(Records shown Opens)

lemma measurable_Lgen:
  assumes "K \<in> M \<rightarrow>\<^sub>M subprob_algebra M" and "h \<in> borel_measurable M"
  shows "Lgen K h \<in> borel_measurable M"
  using borel_measurable_integral_kernel[OF assms(1), of "\<lambda>z. h (snd z) - h (fst z)"] assms(2)
  by (simp add: Lgen_def[abs_def])

lemma measurable_Gam:
  assumes "K \<in> M \<rightarrow>\<^sub>M subprob_algebra M" and "f \<in> borel_measurable M" "g \<in> borel_measurable M"
  shows "Gam K f g \<in> borel_measurable M"
proof -
  have [measurable]: "Lgen K f \<in> borel_measurable M" "Lgen K g \<in> borel_measurable M"
      "Lgen K (\<lambda>y. f y * g y) \<in> borel_measurable M"
    using assms by (auto intro!: measurable_Lgen)
  show ?thesis
    unfolding Gam_def[abs_def] using assms by measurable
qed

lemma Gam_eq_integral_increments:
  assumes "prob_space (K x)"
    and "integrable (K x) f" "integrable (K x) g" "integrable (K x) (\<lambda>y. f y * g y)"
  shows "Gam K f g x = (\<integral>y. (f y - f x) * (g y - g x) \<partial>K x) / 2"
proof -
  interpret prob_space "K x" by fact
  have "(\<lambda>y. (f y - f x) * (g y - g x))
      = (\<lambda>y. (f y * g y - f x * g x) - f x * (g y - g x) - g x * (f y - f x))"
    by (auto simp: fun_eq_iff algebra_simps)
  then show ?thesis
    using assms(2-4) by (simp add: Gam_def Lgen_def prob_space)
qed

locale exchangeable_pair = P: prob_space P
  for P :: "'b measure" and M :: "'a measure" and X X' :: "'b \<Rightarrow> 'a" and K :: "'a \<Rightarrow> 'a measure" +
  assumes measurable_X[measurable]: "X \<in> P \<rightarrow>\<^sub>M M"
    and measurable_X'[measurable]: "X' \<in> P \<rightarrow>\<^sub>M M"
    and distr_X: "distr P M X = M"
    and exchangeable: "distr P (M \<Otimes>\<^sub>M M) (\<lambda>\<omega>. (X \<omega>, X' \<omega>))
      = distr P (M \<Otimes>\<^sub>M M) (\<lambda>\<omega>. (X' \<omega>, X \<omega>))"
    and kernel: "K \<in> M \<rightarrow>\<^sub>M prob_algebra M"
    and joint_eq_bind: "distr P (M \<Otimes>\<^sub>M M) (\<lambda>\<omega>. (X \<omega>, X' \<omega>))
      = M \<bind> (\<lambda>x. K x \<bind> (\<lambda>y. return (M \<Otimes>\<^sub>M M) (x, y)))"
begin

abbreviation joint :: "('a \<times> 'a) measure" where
  "joint \<equiv> distr P (M \<Otimes>\<^sub>M M) (\<lambda>\<omega>. (X \<omega>, X' \<omega>))"

sublocale M: prob_space M
  using P.prob_space_distr[OF measurable_X] by (simp add: distr_X)

lemma prob_space_kernel: "x \<in> space M \<Longrightarrow> prob_space (K x)"
  using measurable_space[OF kernel] by (simp add: space_prob_algebra)

lemma sets_kernel_eq: "x \<in> space M \<Longrightarrow> sets (K x) = sets M"
  using measurable_space[OF kernel] by (simp add: space_prob_algebra)

lemma distr_joint_swap: "distr joint (M \<Otimes>\<^sub>M M) (\<lambda>z. (snd z, fst z)) = joint"
  by (subst distr_distr) (simp_all add: comp_def exchangeable)

lemma distr_joint_fst: "distr joint M fst = M"
  by (subst distr_distr) (simp_all add: comp_def distr_X)

lemma
  fixes h :: "'a \<times> 'a \<Rightarrow> real"
  assumes [measurable]: "h \<in> borel_measurable (M \<Otimes>\<^sub>M M)"
  shows integrable_joint_swap: "integrable joint (\<lambda>z. h (snd z, fst z)) \<longleftrightarrow> integrable joint h"
    and integral_joint_swap: "(\<integral>z. h (snd z, fst z) \<partial>joint) = (\<integral>z. h z \<partial>joint)"
  using integrable_distr_eq[of "\<lambda>z. (snd z, fst z)" joint "M \<Otimes>\<^sub>M M" h]
    integral_distr[of "\<lambda>z. (snd z, fst z)" joint "M \<Otimes>\<^sub>M M" h]
  by (simp_all add: distr_joint_swap)

lemma integrable_joint_fst:
  fixes f :: "'a \<Rightarrow> real"
  assumes [measurable]: "f \<in> borel_measurable M"
  shows "integrable joint (\<lambda>z. f (fst z)) \<longleftrightarrow> integrable M f"
  using integrable_distr_eq[of fst joint M f] by (simp add: distr_joint_fst)

lemma
  fixes g :: "'a \<times> 'a \<Rightarrow> real"
  assumes g: "integrable joint g"
  shows AE_integrable_kernel: "AE x in M. integrable (K x) (\<lambda>y. g (x, y))"
    and integral_joint_disintegration: "(\<integral>z. g z \<partial>joint) = (\<integral>x. \<integral>y. g (x, y) \<partial>K x \<partial>M)"
proof -
  note K = measurable_prob_algebraD[OF kernel] and g' = g[unfolded joint_eq_bind]
  show "AE x in M. integrable (K x) (\<lambda>y. g (x, y))"
    using AE_integrable_bind_Pair[OF K M.not_empty g'] .
  show "(\<integral>z. g z \<partial>joint) = (\<integral>x. \<integral>y. g (x, y) \<partial>K x \<partial>M)"
    unfolding joint_eq_bind using integral_bind_Pair[OF K M.not_empty g'] .
qed

lemma integral_mult_Lgen:
  assumes "integrable joint (\<lambda>z. \<phi> (fst z) * (f (snd z) - f (fst z)))"
  shows "(\<integral>x. \<phi> x * Lgen K f x \<partial>M) = (\<integral>z. \<phi> (fst z) * (f (snd z) - f (fst z)) \<partial>joint)"
  using integral_joint_disintegration[OF assms] by (simp add: Lgen_def)
theorem lemma4:
  fixes q u :: real and N :: nat and lam :: "nat list"
  assumes "q > 1" and "0 < u" and "u < 1" and "is_partition lam"
  shows "HL_measure N (\<lambda>i. u / q ^ (i + 1)) (\<lambda>j. 1 / q ^ j) (1 / q) lam =
    (if length lam > N then 0 else
       u ^ sum_list lam * qpoch q (u / q) N * qpoch q (1 / q) N
         / qpoch q (1 / q) (N - conj_part lam 1)
       * (\<Prod>i\<in>{1..sum_list lam}.
            1 / (q ^ (conj_part lam i ^ 2) * qpoch q (1 / q) (mult lam i))))"
proof -
  define t where "t = 1 / q"
  have t: "0 < t" "t < 1"
    using assms(1) by (simp_all add: t_def)
  have "(\<lambda>i. u / q ^ (i + 1)) = (\<lambda>i. u * t * t ^ i)" and "(\<lambda>j. 1 / q ^ j) = (\<lambda>j. t ^ j)"
    and "qpoch q (u / q) N = (\<Prod>i<N. 1 - u * t * t ^ i)"
    and "1 / (q ^ k * phi t m) = t ^ k / phi t m" for k m
    by (simp_all add: t_def qpoch_def power_one_over)
  moreover have "qpoch q (1 / q) m = phi t m" for m
    by (simp add: t_def qpoch_inverse_eq_phi)
  ultimately show ?thesis
    using HL_measure_principal[OF t assms(2-4), of N] by (simp add: t_def[symmetric])
qed

end
lemma power_exp_le_const_power:
  fixes C :: real and t n :: nat
  assumes C: "2 * exp (exp 1 + 1) \<le> C" and "0 < t" and "0 < n"
  shows "(2 * exp (exp 1)) ^ t * (exp 1 * t / n) ^ (t - 1) \<le> C * (C / n * t) ^ (t - 1)"
proof -
  define K :: real where "K = 2 * exp (exp 1)"
  have "0 \<le> K" "K * exp 1 \<le> C"
    using C by (auto simp: K_def exp_add mult_ac)
  moreover have "K \<le> K * exp 1"
    using mult_left_mono [of 1 "exp 1" K] \<open>0 \<le> K\<close> by simp
  ultimately have K: "0 \<le> K" "K \<le> C" "K * exp 1 \<le> C"
    by linarith+
  have "K ^ t = K * K ^ (t - 1)"
    using \<open>0 < t\<close> by (metis Suc_diff_1 power_Suc)
  then have "K ^ t * (exp 1 * t / n) ^ (t - 1) = K * (K * (exp 1 * t / n)) ^ (t - 1)"
    by (simp only: power_mult_distrib mult.assoc)
  also have "\<dots> \<le> C * (C / n * t) ^ (t - 1)"
  proof -
    have "K * (exp 1 * t / n) = (K * exp 1) * t / n"
      by simp
    also have "\<dots> \<le> C / n * t"
      using K \<open>0 < n\<close> by (simp add: divide_right_mono mult_right_mono)
    finally have "K * (exp 1 * t / n) \<le> C / n * t" .
    moreover have "0 \<le> K * (exp 1 * t / n)"
      using K by simp
    ultimately have "(K * (exp 1 * t / n)) ^ (t - 1) \<le> (C / n * t) ^ (t - 1)"
      by (rule power_mono)
    with K show ?thesis
      by (intro mult_mono) auto
  qed
  finally show ?thesis
    unfolding K_def .
qed

lemma sum_card_eq_bound_le_geometric:
  fixes C :: real
  assumes C: "2 * exp (exp 1 + 1) \<le> C" and "0 < t" and "4 * C * t \<le> n"
  shows "(\<Sum>S | S \<subseteq> {..<n} \<and> card S = t. (exp 1 * card S / n) ^ forced_edges S)
         \<le> 8 * C ^ 2 / n * (1/2) ^ t"
proof -
  have "exp 1 \<le> exp (exp 1 + 1 :: real)"
    using exp_gt_zero [of 1] by simp
  then have "2 * exp 1 \<le> C" "0 < C"
    using C exp_gt_zero [of 1] by linarith+
  then have "0 < 4 * C * t"
    using \<open>0 < t\<close> by simp
  then have "0 < real n"
    using assms by linarith
  show ?thesis
  proof (cases "t = 1")
    case True
    have "exp 1 \<le> C"
      using \<open>2 * exp 1 \<le> C\<close> exp_gt_zero [of 1] by linarith
    then have "exp 1 ^ 2 \<le> C ^ 2"
      by (intro power_mono) auto
    then have "exp 1 ^ 2 \<le> 4 * C ^ 2"
      using zero_le_power2 [of C] by linarith
    then show ?thesis
      unfolding True sum_card_one_bound_eq by (simp add: divide_right_mono)
  next
    case False
    then have "2 \<le> t"
      using \<open>0 < t\<close> by simp
    have "exp 1 \<le> 4 * C"
      using \<open>2 * exp 1 \<le> C\<close> exp_gt_zero [of 1] by linarith
    then have "exp 1 * t \<le> 4 * C * t"
      by (intro mult_right_mono) auto
    then have "exp 1 * t \<le> n"
      using assms by linarith
    then have "(\<Sum>S | S \<subseteq> {..<n} \<and> card S = t. (exp 1 * card S / n) ^ forced_edges S)
        \<le> (2 * exp (exp 1)) ^ t * (exp 1 * t / n) ^ (t - 1)"
      by (rule sum_card_eq_bound_le [OF \<open>2 \<le> t\<close>])
    also have "\<dots> \<le> C * (C / n * t) ^ (t - 1)"
      by (rule power_exp_le_const_power [OF C \<open>0 < t\<close>]) (use \<open>0 < real n\<close> in simp)
    also have "\<dots> \<le> C * (8 * (C / n) * (1/2) ^ t)"
      using assms \<open>0 < C\<close> \<open>0 < real n\<close> \<open>2 \<le> t\<close>
      by (intro mult_left_mono power_linear_le_geometric) (auto simp: field_simps)
    also have "\<dots> = 8 * C ^ 2 / n * (1/2) ^ t"
      by (simp add: power2_eq_square)
    finally show ?thesis .
  qed
qed

lemma sum_half_power_le:
  assumes "finite T"
  shows "(\<Sum>t\<in>T. (1/2::real) ^ t) \<le> 2"
proof -
  have "(\<Sum>t\<in>T. (1/2::real) ^ t) \<le> (\<Sum>t. (1/2) ^ t)"
    using assms by (intro sum_le_suminf summable_geometric) auto
  also have "\<dots> = 2"
    by (simp add: suminf_geometric)
  finally show ?thesis .
qed

lemma sum_small_sets_bound_le:
  fixes C \<delta> :: real
  assumes C: "2 * exp (exp 1 + 1) \<le> C" and "4 * C * \<delta> \<le> 1"
  shows "(\<Sum>S | S \<subseteq> {..<n} \<and> 0 < card S \<and> real (card S) < \<delta> * real n.
           (exp 1 * card S / n) ^ forced_edges S)
         \<le> 16 * C ^ 2 / n"
proof -
  let ?bound = "\<lambda>S. (exp 1 * card S / n) ^ forced_edges S"
  let ?small = "{S. S \<subseteq> {..<n} \<and> 0 < card S \<and> real (card S) < \<delta> * real n}"
  let ?T = "{t \<in> {1..n}. real t < \<delta> * n}"
  have "0 < C"
    using C exp_gt_zero [of "exp 1 + 1"] by linarith
  have "(\<Sum>S\<in>?small. ?bound S) = (\<Sum>t\<in>?T. \<Sum>S | S \<in> ?small \<and> card S = t. ?bound S)"
  proof (rule sum.group [symmetric])
    show "finite ?small"
      by (rule finite_subset [of _ "Pow {..<n}"]) auto
    show "card ` ?small \<subseteq> ?T"
      using card_mono [of "{..<n}"] by fastforce
  qed simp
  also have "\<dots> \<le> (\<Sum>t\<in>?T. 8 * C ^ 2 / n * (1/2) ^ t)"
  proof (rule sum_mono)
    fix t assume t: "t \<in> ?T"
    then have same_sets: "{S. S \<in> ?small \<and> card S = t} = {S. S \<subseteq> {..<n} \<and> card S = t}"
      by auto
    have "4 * C * t \<le> n"
    proof -
      have "4 * C * t \<le> 4 * C * (\<delta> * n)"
        using t \<open>0 < C\<close> by (intro mult_left_mono) auto
      also have "\<dots> \<le> n"
        using assms(2) mult_right_mono [OF assms(2), of "real n"] by (simp add: mult_ac)
      finally show ?thesis .
    qed
    then show "(\<Sum>S | S \<in> ?small \<and> card S = t. ?bound S) \<le> 8 * C ^ 2 / n * (1/2) ^ t"
      unfolding same_sets using t by (intro sum_card_eq_bound_le_geometric [OF C]) auto
  qed
  also have "\<dots> = 8 * C ^ 2 / n * (\<Sum>t\<in>?T. (1/2) ^ t)"
    by (simp add: sum_distrib_left)
  also have "\<dots> \<le> 8 * C ^ 2 / n * 2"
    by (intro mult_left_mono sum_half_power_le) auto
  finally show ?thesis
    by simp
qed

theorem lemma5:
  fixes k l :: nat and c :: real
  assumes "k \<ge> 2" and "l \<ge> 2" and "c \<le> 1"
  shows "\<exists>\<delta>>0. (\<lambda>n. measure_pmf.prob (edges_pmf n k (nat \<lfloor>c * real n\<rfloor>))
            {E. \<exists>S \<subseteq> {..<n}. 0 < card S \<and> real (card S) < \<delta> * real n \<and>
                  l * card S \<le> induced_weight n k (nat \<lfloor>c * real n\<rfloor>) l E S})
          \<longlonglongrightarrow> 0"
proof -
  define C :: real where "C = 2 * exp (exp 1 + 1)"
  define \<delta> where "\<delta> = 1 / (4 * C)"
  have "2 \<le> C"
    using exp_ge_add_one_self [of "exp 1 + 1"] exp_gt_zero [of 1] by (simp add: C_def)
  then have "0 < \<delta>" "\<delta> \<le> 1" "4 * C * \<delta> \<le> 1"
    by (auto simp: \<delta>_def)
  have "measure_pmf.prob (edges_pmf n k (nat \<lfloor>c * real n\<rfloor>))
          {E. \<exists>S \<subseteq> {..<n}. 0 < card S \<and> real (card S) < \<delta> * real n \<and>
                l * card S \<le> induced_weight n k (nat \<lfloor>c * real n\<rfloor>) l E S}
        \<le> 16 * C ^ 2 / n" (is "?prob n \<le> _") for n
  proof -
    have "c * real n \<le> real n"
      using mult_right_mono [OF \<open>c \<le> 1\<close>, of "real n"] by simp
    then have "nat \<lfloor>c * real n\<rfloor> \<le> n"
      by linarith
    then show ?thesis
      using \<open>\<delta> \<le> 1\<close> \<open>4 * C * \<delta> \<le> 1\<close> unfolding C_def
      by (intro order_trans [OF prob_heavy_set_le [OF assms(1,2)] sum_small_sets_bound_le]) auto
  qed
  then have "?prob \<longlonglongrightarrow> 0"
    by (intro tendsto_sandwich [OF _ _ tendsto_const lim_const_over_n [of "16 * C ^ 2"]])
      (simp_all add: always_eventually)
  with \<open>0 < \<delta>\<close> show ?thesis
    by blast
qed

end
(* Let $\{x,y\}$ be Cartesian coordinates on $\mathbb{E}^2$, $z=\frac12(x-iy)$, $\bar z=\frac12(x+iy)$, and let $\xi=\xi_{\{\mu\}}$ be a GCKV with parameters $\mu=(\mu_0,\mu_1,\mu_2)\in\mathbb{C}^3$. Let $\gamma,\delta\in\mathbb{C}$ be any pair with $\frac12\delta^2\mu_2-\gamma\delta\mu_1+\gamma^2\mu_0=1$ and set $\alpha=\frac12(\delta\mu_2-\gamma\mu_1)$, $\beta=\frac12\delta\mu_1-\gamma\mu_0$. Then: (i) In the coordinate system $\{\omega,\bar\omega\}$ defined by $\omega=(\alpha z+\beta)/(\gamma z+\delta)$, $\xi$ takes the canonical form $\xi=(\mu_0'+\omega^2)\partial_\omega+(\bar\mu_0'+\bar\omega^2)\partial_{\bar\omega}$, where $4\mu_0':=2\mu_0\mu_2-\mu_1^2$. (ii) Any other coordinate system $\{\omega',\bar\omega'\}$ (obtained from $\omega$ by a Möbius coordinate change) in which $\xi$ is in canonical form is related to $\{\omega,\bar\omega\}$ by $\omega'=(\delta'\omega-\gamma'\mu_0')/(\gamma'\omega+\delta')$ with $\delta'^2+\mu_0'\gamma'^2=1$. (iii) Write $4\mu_0'=Qe^{-2i\theta}$ with $Q\ge0$, $\theta\in[0,\pi)$ ($\theta$ arbitrary if $Q=0$). Define the complex coordinate $\zeta:=\frac12(v_1+iv_2)$ by $$\omega=\frac{i\sqrt Q\,e^{-i\theta}}{2}\,\frac{1+e^{2i\sqrt Q e^{-i\theta}\zeta}}{1-e^{2i\sqrt Q e^{-i\theta}\zeta}}\ \ (Q>0),\qquad \omega=-\frac{1}{2\zeta}\ \ (Q=0).$$ Then the (locally defined) real coordinates $\{v_1,v_2\}$ are adapted to $\xi$ and to $\xi^\perp:=\xi_{\{i\mu\}}$, namely $\xi=\partial_{v_1}$ and $\xi^\perp=\partial_{v_2}$. (iv) For $u=(u_0,u_1,u_2,u_3)\in\mathbb{R}^4\setminus\{0\}$, the metric $g_u:=\Omega_u^{-2}(dx^2+dy^2)$, $\Omega_u:=u_0(1+z\bar z)+u_1(1-z\bar z)+u_2(z+\bar z)+u_3\,i(z-\bar z)$, takes in the coordinates $\{v_1,v_2\}$ the form $$g_u=\frac{dv_1^2+dv_2^2}{\big((u_0'-u_1')f_++(u_0'+u_1')f_-+u_2'f_2+u_3'f_3\big)^2},$$ where $u'=(u_0',u_1',u_2',u_3')^T:=\Lambda\,(u_0,u_1,u_2,u_3)^T$ and $\Lambda$, $f_\pm,f_2,f_3$ are as in the context.
   Context: A GCKV with parameters $\mu\in\mathbb{C}^3$ is $\xi_{\{\mu\}}=(\mu_0+\mu_1z+\frac12\mu_2z^2)\partial_z+(\bar\mu_0+\bar\mu_1\bar z+\frac12\bar\mu_2\bar z^2)\partial_{\bar z}$ (the conformal Killing vectors of $dx^2+dy^2$ that extend smoothly to the Riemann sphere); in a complex coordinate $w$, $\xi$ is in canonical form if it reads $(c+w^2)\partial_w+(\bar c+\bar w^2)\partial_{\bar w}$ for some $c\in\mathbb{C}$. Functions: $h_1:=v_1\cos\theta+v_2\sin\theta$, $h_2:=v_2\cos\theta-v_1\sin\theta$; for $Q>0$: $f_+=\frac14(\cosh(\sqrt Q h_2)+\cos(\sqrt Q h_1))$, $f_-=\frac1Q(\cosh(\sqrt Q h_2)-\cos(\sqrt Q h_1))$, $f_2=\frac1{\sqrt Q}(\sin\theta\sinh(\sqrt Q h_2)-\cos\theta\sin(\sqrt Q h_1))$, $f_3=-\frac1{\sqrt Q}(\cos\theta\sinh(\sqrt Q h_2)+\sin\theta\sin(\sqrt Q h_1))$; for $Q=0$: $f_+=\frac12$, $f_-=\frac12(v_1^2+v_2^2)$, $f_2=-v_1$, $f_3=-v_2$. $\Lambda=\frac12 N$ with the rows of $N$: row 0: $\big(\alpha\bar\alpha+\beta\bar\beta+\gamma\bar\gamma+\delta\bar\delta,\ \alpha\bar\alpha-\beta\bar\beta+\gamma\bar\gamma-\delta\bar\delta,\ -\alpha\bar\beta-\beta\bar\alpha-\gamma\bar\delta-\delta\bar\gamma,\ i(\alpha\bar\beta-\beta\bar\alpha+\gamma\bar\delta-\delta\bar\gamma)\big)$; row 1: $\big(\alpha\bar\alpha+\beta\bar\beta-\gamma\bar\gamma-\delta\bar\delta,\ \alpha\bar\alpha-\beta\bar\beta-\gamma\bar\gamma+\delta\bar\delta,\ -\alpha\bar\beta-\beta\bar\alpha+\gamma\bar\delta+\delta\bar\gamma,\ i(\alpha\bar\beta-\beta\bar\alpha-\gamma\bar\delta+\delta\bar\gamma)\big)$; row 2: $\big(-(\alpha\bar\gamma+\beta\bar\delta+\gamma\bar\alpha+\delta\bar\beta),\ -\alpha\bar\gamma+\beta\bar\delta-\gamma\bar\alpha+\delta\bar\beta,\ \alpha\bar\delta+\beta\bar\gamma+\gamma\bar\beta+\delta\bar\alpha,\ i(-\alpha\bar\delta+\beta\bar\gamma-\gamma\bar\beta+\delta\bar\alpha)\big)$; row 3: $\big(i(-\alpha\bar\gamma-\beta\bar\delta+\gamma\bar\alpha+\delta\bar\beta),\ i(-\alpha\bar\gamma+\beta\bar\delta+\gamma\bar\alpha-\delta\bar\beta),\ i(\alpha\bar\delta+\beta\bar\gamma-\gamma\bar\beta-\delta\bar\alpha),\ \alpha\bar\delta-\beta\bar\gamma-\gamma\bar\beta+\delta\bar\alpha\big)$. *)

theory Defs
  imports "HOL-Analysis.Analysis"
begin
lemma integral_has_derivative_first_arg:
  assumes f: "\<And>z. z \<in> sq01 \<Longrightarrow> (f has_derivative blinfun_apply (F z)) (at z within sq01)"
    and F: "continuous_on sq01 F" and x: "x \<in> {0..1}"
  shows "((\<lambda>x. integral {0..1} (\<lambda>t. f (x, t))) has_real_derivative
      integral {0..1} (\<lambda>t. blinfun_apply (F (x, t)) (1, 0))) (at x within {0..1})"
proof -
  note f_cont = continuous_on_sq01_slices(2)[OF has_derivative_continuous_on[OF f]]
  have "continuous_on ({0..1} \<times> {0..1}) (\<lambda>(x, t). blinfun_apply (F (x, t)) (1, 0))"
    using F unfolding sq01_def case_prod_beta by (intro continuous_intros) auto
  then have "((\<lambda>x. integral (cbox 0 1) (\<lambda>t. f (x, t))) has_real_derivative
      integral (cbox 0 1) (\<lambda>t. blinfun_apply (F (x, t)) (1, 0))) (at x within {0..1})"
    using x has_real_derivative_first_arg[OF f] integrable_continuous_interval[OF f_cont]
    by (intro leibniz_rule_field_derivative) (auto simp: cbox_interval)
  then show ?thesis
    by (simp add: cbox_interval)
qed

section \<open>Product measures\<close>

lemma emeasure_Collect_eq_nn_integral:
  assumes "{\<omega> \<in> space M. P \<omega>} \<in> sets M"
  shows "emeasure M {\<omega> \<in> space M. P \<omega>} = (\<integral>\<^sup>+\<omega>. (if P \<omega> then 1 else 0) \<partial>M)"
  by (subst nn_integral_indicator[OF assms, symmetric]) (auto intro!: nn_integral_cong simp: indicator_def)

lemma measurable_fun_upd_PiM:
  assumes "i \<in> I" "s \<in> space (M i)"
  shows "(\<lambda>X. X(i := s)) \<in> measurable (PiM I M) (PiM I M)"
  using measurable_fun_upd[of I I i "\<lambda>X. X" "PiM I M" M "\<lambda>_. s"] assms by (simp add: insert_absorb)

lemma nn_integral_PiM_pin:
  fixes M :: "'i \<Rightarrow> 'a measure"
  assumes M: "\<And>j. prob_space (M j)" and I: "finite I" "i \<in> I"
    and h[measurable]: "h \<in> borel_measurable (PiM I M)"
  shows "(\<integral>\<^sup>+X. h X \<partial>PiM I M) = (\<integral>\<^sup>+s. (\<integral>\<^sup>+X. h (X(i := s)) \<partial>PiM I M) \<partial>M i)"
proof -
  interpret product_prob_space M
    using M by (simp add: product_prob_space_def product_prob_space_axioms_def
        product_sigma_finite_def prob_space_imp_sigma_finite)
  define I' where "I' = I - {i}"
  have I': "I = insert i I'" "i \<notin> I'" "finite I'" using I by (auto simp: I'_def)
  have "(\<integral>\<^sup>+X. h X \<partial>PiM I M) = (\<integral>\<^sup>+s. (\<integral>\<^sup>+X. h (X(i := s)) \<partial>PiM I' M) \<partial>M i)"
    using h unfolding I'(1) by (intro product_nn_integral_insert_rev) (use I' in auto)
  also have "\<dots> = (\<integral>\<^sup>+s. (\<integral>\<^sup>+X. h (X(i := s)) \<partial>PiM I M) \<partial>M i)"
  proof (rule nn_integral_cong)
    fix s assume s: "s \<in> space (M i)"
    have "(\<lambda>X. h (X(i := s))) \<in> borel_measurable (PiM I M)"
      using measurable_compose[OF measurable_fun_upd_PiM[of i I s M, OF I(2) s] h] .
    then have "(\<integral>\<^sup>+X. h (X(i := s)) \<partial>PiM I M)
        = (\<integral>\<^sup>+X. (\<integral>\<^sup>+t. h ((X(i := t))(i := s)) \<partial>M i) \<partial>PiM I' M)"
      unfolding I'(1) by (intro product_nn_integral_insert) (use I' in auto)
    then show "(\<integral>\<^sup>+X. h (X(i := s)) \<partial>PiM I' M) = (\<integral>\<^sup>+X. h (X(i := s)) \<partial>PiM I M)"
      by (simp add: prob_space.emeasure_space_1[OF M])
  qed
  finally show ?thesis .
qed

(Records shown Closes)

**Directions for this task:** Please return all lines from the records that hold the word "ultimately".

**Response to this exercise:**
  ultimately show ?thesis
  ultimately have K: "0 \<le> K" "K \<le> C" "K * exp 1 \<le> C"
    ultimately have "(K * (exp 1 * t / n)) ^ (t - 1) \<le> (C / n * t) ^ (t - 1)"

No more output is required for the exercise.